### What the exercise asks
For the data below, give again exactly the lines from the one containing "r * pochhammer (- real k) u" through the one containing "r) = pochhammer", both ends included, and no others.

[[ Records shown, beginning ]]

lemma telescoping_fraction_step:
  fixes A f D c d1 w q p :: real
  assumes "f \<noteq> 0" "D \<noteq> 0" "c \<noteq> 0" "d1 \<noteq> 0" "d1 * c + w * q = p"
  shows "A / (f * D) + w * (A * q) / (f * d1 * (D * c)) = A * p / (f * d1 * (D * c))"
proof -
  have "A / (f * D) = A * (d1 * c) / (f * d1 * (D * c))" using assms by (simp add: field_simps)
  also have "\<dots> + w * (A * q) / (f * d1 * (D * c)) = A * (d1 * c + w * q) / (f * d1 * (D * c))"
    by (simp add: add_divide_distrib algebra_simps)
  finally show ?thesis using assms(5) by simp
qed

lemma hahn_weight_summand:
  fixes \<sigma> :: real and r d :: nat
  defines "u \<equiv> Suc (r + d)"
  shows "hahn_weight_factor \<sigma> u * pochhammer (real u + \<sigma>) r * pochhammer (- real k) u
            / (fact (u - r) * pochhammer (\<sigma> + real k + 1) u)
       = (2 * real u + \<sigma>) * ((pochhammer (\<sigma> + 1) (2 * r + d) * pochhammer (- real k) r
            * pochhammer (1 + real r - real k) d) * (real r - real k))
            / (fact d * (real d + 1) * (pochhammer (\<sigma> + real k + 1) (r + d) * (\<sigma> + real k + 1 + real (r + d))))"
proof -
  have h1: "hahn_weight_factor \<sigma> u = (2 * real u + \<sigma>) * pochhammer (\<sigma> + 1) (r + d)"
    by (simp add: hahn_weight_factor_def u_def)
  have h2: "pochhammer (\<sigma> + 1) (r + d) * pochhammer (real u + \<sigma>) r = pochhammer (\<sigma> + 1) (2 * r + d)"
  proof -
    have e: "\<sigma> + 1 + real (r + d) = real u + \<sigma>" by (simp add: u_def)
    have "pochhammer (\<sigma> + 1) (r + d + r) = pochhammer (\<sigma> + 1) (r + d) * pochhammer (real u + \<sigma>) r"
      using pochhammer_product'[of "\<sigma> + 1" "r + d" r] unfolding e .
    moreover have "r + d + r = 2 * r + d" by simp
    ultimately show ?thesis by metis
  qed
  have h3: "pochhammer (- real k) u = pochhammer (- real k) r * ((real r - real k) * pochhammer (1 + real r - real k) d)"
  proof -
    have "pochhammer (- real k) (r + Suc d) = pochhammer (- real k) r * pochhammer (- real k + real r) (Suc d)"
      by (rule pochhammer_product')
    also have "pochhammer (- real k + real r) (Suc d) = (- real k + real r) * pochhammer (- real k + real r + 1) d"
      by (rule pochhammer_rec)
    also have "- real k + real r + 1 = 1 + real r - real k" by simp
    also have "r + Suc d = u" by (simp add: u_def)
    finally show ?thesis by simp
  qed
  have h4: "pochhammer (\<sigma> + real k + 1) u = pochhammer (\<sigma> + real k + 1) (r + d) * (\<sigma> + real k + 1 + real (r + d))"
    by (simp add: u_def pochhammer_Suc)
  have fu: "fact (u - r) = fact d * (real d + 1)"
    by (simp add: u_def fact_Suc algebra_simps)
  show ?thesis unfolding h3 h4 fu h1 h2[symmetric] by (simp add: mult_ac)
qed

[[ Records shown, end ]]

### Response area
  shows "hahn_weight_factor \<sigma> u * pochhammer (real u + \<sigma>) r * pochhammer (- real k) u
            / (fact (u - r) * pochhammer (\<sigma> + real k + 1) u)
       = (2 * real u + \<sigma>) * ((pochhammer (\<sigma> + 1) (2 * r + d) * pochhammer (- real k) r
            * pochhammer (1 + real r - real k) d) * (real r - real k))
            / (fact d * (real d + 1) * (pochhammer (\<sigma> + real k + 1) (r + d) * (\<sigma> + real k + 1 + real (r + d))))"
proof -
  have h1: "hahn_weight_factor \<sigma> u = (2 * real u + \<sigma>) * pochhammer (\<sigma> + 1) (r + d)"
    by (simp add: hahn_weight_factor_def u_def)
  have h2: "pochhammer (\<sigma> + 1) (r + d) * pochhammer (real u + \<sigma>) r = pochhammer (\<sigma> + 1) (2 * r + d)"
  proof -
    have e: "\<sigma> + 1 + real (r + d) = real u + \<sigma>" by (simp add: u_def)
    have "pochhammer (\<sigma> + 1) (r + d + r) = pochhammer (\<sigma> + 1) (r + d) * pochhammer (real u + \<sigma>) r"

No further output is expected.